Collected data
╔══

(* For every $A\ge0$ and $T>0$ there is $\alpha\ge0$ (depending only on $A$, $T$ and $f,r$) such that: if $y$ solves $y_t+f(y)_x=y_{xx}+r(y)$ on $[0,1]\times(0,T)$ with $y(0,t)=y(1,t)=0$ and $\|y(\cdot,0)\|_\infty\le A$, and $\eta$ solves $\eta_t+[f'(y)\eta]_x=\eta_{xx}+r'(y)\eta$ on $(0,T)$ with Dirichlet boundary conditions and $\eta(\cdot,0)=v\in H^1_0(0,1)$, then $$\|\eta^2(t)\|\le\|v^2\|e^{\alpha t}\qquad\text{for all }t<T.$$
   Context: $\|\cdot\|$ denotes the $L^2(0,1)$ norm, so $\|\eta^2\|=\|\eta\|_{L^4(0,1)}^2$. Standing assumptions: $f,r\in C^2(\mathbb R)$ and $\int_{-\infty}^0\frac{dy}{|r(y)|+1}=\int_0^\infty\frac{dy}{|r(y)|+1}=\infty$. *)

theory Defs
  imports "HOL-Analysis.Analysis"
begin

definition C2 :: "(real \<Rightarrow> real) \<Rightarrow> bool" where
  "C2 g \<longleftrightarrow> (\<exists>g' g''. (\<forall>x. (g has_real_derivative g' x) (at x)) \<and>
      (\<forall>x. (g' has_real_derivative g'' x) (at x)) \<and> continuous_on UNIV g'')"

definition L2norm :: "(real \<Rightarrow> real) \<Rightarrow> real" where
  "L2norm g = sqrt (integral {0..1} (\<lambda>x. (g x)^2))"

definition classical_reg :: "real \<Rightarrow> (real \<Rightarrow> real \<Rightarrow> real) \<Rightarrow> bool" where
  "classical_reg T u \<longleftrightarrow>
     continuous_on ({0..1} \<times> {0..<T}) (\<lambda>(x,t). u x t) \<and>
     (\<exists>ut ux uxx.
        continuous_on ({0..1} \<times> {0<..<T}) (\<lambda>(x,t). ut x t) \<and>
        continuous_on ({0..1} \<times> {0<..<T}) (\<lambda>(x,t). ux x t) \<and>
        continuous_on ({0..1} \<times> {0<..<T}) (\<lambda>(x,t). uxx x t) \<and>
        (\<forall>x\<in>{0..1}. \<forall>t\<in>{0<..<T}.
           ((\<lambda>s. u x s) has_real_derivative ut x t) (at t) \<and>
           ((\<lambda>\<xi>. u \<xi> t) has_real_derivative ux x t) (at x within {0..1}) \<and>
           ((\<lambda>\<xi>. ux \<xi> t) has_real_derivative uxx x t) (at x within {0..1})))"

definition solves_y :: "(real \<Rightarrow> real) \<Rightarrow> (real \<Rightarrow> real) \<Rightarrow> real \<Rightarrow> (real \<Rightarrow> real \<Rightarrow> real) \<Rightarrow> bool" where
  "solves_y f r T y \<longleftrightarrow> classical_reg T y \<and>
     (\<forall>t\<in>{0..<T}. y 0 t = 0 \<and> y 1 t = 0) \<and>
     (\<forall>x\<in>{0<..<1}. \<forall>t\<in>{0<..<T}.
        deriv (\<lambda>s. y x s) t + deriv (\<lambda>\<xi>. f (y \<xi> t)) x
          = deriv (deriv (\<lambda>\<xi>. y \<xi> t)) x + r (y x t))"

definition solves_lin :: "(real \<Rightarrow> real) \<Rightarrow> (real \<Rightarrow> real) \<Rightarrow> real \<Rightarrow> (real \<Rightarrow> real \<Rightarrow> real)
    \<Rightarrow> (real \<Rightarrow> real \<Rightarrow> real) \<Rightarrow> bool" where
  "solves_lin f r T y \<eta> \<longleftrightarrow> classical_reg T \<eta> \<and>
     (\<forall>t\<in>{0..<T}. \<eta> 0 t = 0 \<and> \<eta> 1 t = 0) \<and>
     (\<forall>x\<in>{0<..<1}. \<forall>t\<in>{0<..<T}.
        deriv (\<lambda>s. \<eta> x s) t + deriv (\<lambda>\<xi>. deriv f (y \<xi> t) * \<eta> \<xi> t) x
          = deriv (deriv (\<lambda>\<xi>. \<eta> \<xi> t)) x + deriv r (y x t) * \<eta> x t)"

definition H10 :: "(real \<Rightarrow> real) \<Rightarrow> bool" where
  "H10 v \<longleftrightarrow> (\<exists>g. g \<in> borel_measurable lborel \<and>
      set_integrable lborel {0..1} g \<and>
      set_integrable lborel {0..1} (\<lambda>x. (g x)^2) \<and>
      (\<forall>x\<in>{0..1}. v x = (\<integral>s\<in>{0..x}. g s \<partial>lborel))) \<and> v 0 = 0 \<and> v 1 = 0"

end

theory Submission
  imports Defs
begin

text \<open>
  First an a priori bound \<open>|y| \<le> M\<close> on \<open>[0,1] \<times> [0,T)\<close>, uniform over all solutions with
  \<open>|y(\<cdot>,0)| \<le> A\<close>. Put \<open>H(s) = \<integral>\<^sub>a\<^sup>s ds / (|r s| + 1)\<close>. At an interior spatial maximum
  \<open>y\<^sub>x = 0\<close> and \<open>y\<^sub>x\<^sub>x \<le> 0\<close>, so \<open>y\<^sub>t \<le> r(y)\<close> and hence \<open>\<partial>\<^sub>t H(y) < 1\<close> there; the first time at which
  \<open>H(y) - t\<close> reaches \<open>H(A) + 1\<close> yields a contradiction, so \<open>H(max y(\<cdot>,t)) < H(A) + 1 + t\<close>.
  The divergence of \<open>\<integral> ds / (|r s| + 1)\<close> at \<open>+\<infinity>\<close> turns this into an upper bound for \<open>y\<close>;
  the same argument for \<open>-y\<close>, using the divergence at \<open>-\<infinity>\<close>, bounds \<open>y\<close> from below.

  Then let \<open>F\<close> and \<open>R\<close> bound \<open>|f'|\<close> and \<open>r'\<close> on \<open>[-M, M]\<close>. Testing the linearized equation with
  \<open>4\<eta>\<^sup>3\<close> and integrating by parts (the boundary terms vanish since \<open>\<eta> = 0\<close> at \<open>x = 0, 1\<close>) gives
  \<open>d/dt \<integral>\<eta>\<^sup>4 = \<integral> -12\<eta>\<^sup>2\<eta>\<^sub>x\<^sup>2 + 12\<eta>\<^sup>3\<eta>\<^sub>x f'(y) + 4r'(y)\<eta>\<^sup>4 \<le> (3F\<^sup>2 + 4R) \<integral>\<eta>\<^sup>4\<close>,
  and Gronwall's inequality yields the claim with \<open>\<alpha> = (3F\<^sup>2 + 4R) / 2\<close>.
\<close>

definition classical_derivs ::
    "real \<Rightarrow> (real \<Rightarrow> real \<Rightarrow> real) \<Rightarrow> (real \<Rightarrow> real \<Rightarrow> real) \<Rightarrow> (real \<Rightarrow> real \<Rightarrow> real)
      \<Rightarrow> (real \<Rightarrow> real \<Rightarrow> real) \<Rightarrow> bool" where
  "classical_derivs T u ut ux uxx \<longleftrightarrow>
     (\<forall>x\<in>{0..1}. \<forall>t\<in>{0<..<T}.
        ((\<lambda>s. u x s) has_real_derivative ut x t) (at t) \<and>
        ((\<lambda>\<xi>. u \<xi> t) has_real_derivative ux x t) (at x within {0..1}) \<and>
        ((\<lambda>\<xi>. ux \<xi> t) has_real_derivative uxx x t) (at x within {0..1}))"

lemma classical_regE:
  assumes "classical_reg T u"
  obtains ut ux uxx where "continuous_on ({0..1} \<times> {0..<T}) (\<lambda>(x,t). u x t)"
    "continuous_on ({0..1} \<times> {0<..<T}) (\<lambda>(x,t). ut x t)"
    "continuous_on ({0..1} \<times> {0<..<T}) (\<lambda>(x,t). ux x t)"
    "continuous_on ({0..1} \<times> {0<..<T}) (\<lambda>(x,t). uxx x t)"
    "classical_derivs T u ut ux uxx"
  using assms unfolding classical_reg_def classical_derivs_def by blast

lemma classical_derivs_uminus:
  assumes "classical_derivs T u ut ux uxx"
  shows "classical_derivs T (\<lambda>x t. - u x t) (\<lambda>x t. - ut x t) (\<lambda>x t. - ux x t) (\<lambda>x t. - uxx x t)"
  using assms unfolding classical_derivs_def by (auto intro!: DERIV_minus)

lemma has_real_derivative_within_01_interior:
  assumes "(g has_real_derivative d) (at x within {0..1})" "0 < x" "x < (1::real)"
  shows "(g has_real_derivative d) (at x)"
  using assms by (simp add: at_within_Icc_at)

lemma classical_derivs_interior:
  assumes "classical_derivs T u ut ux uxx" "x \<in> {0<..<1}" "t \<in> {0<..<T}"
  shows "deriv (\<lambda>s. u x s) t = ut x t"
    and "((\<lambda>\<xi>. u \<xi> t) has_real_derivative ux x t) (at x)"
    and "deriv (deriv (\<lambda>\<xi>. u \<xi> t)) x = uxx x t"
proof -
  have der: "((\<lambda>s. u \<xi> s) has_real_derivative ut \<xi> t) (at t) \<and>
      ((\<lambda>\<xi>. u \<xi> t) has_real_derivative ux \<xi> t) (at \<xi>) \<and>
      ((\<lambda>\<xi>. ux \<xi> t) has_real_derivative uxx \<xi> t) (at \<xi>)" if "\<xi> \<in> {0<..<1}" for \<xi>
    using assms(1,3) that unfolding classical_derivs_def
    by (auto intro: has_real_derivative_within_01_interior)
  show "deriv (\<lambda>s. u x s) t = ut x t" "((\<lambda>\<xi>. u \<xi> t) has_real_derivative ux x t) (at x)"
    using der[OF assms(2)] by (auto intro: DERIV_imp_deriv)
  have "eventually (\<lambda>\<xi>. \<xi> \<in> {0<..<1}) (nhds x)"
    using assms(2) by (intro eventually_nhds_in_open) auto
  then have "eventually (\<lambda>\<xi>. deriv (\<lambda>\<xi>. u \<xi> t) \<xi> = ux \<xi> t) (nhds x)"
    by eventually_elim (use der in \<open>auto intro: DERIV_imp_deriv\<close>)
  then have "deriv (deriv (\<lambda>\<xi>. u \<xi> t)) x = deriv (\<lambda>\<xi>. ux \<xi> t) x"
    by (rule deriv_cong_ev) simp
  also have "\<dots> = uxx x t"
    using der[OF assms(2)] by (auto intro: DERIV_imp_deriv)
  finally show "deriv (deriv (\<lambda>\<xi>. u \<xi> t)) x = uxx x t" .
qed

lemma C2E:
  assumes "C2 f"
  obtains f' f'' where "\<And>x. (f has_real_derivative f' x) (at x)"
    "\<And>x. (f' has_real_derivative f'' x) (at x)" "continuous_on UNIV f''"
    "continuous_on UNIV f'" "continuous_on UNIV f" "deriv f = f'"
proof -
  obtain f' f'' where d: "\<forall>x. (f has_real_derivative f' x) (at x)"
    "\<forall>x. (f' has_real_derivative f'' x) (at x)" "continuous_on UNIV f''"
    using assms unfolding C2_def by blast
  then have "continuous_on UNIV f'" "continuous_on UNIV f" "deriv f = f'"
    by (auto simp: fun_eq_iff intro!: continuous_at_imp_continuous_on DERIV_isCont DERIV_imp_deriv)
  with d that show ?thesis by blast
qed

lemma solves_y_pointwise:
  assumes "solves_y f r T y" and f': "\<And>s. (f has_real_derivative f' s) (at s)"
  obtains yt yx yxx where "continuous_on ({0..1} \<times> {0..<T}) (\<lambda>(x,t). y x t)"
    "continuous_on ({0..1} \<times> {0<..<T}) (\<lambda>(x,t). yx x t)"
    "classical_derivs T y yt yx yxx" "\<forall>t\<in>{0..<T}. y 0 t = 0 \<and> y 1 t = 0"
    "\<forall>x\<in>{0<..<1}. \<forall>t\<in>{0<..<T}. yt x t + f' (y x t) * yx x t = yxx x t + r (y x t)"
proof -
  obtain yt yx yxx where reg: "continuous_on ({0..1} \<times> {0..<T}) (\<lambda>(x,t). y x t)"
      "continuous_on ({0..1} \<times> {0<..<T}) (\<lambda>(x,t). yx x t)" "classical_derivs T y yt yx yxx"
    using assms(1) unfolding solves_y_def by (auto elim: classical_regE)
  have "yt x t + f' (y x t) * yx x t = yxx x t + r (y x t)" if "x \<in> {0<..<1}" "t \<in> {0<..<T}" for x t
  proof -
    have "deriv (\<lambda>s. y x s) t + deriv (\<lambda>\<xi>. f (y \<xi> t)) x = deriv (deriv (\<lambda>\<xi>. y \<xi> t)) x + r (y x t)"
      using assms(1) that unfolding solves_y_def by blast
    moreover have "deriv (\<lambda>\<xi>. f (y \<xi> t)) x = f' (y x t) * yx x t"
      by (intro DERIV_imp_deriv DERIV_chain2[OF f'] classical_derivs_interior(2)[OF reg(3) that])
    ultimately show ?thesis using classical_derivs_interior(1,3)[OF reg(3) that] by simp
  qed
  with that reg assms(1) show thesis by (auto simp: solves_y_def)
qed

╚══

Instructions to follow:
Every line holding the string "shows" should be copied here, so please find those lines in the data.

Result of this task:
  shows "classical_derivs T (\<lambda>x t. - u x t) (\<lambda>x t. - ut x t) (\<lambda>x t. - ux x t) (\<lambda>x t. - uxx x t)"
  shows "(g has_real_derivative d) (at x)"
  shows "deriv (\<lambda>s. u x s) t = ut x t"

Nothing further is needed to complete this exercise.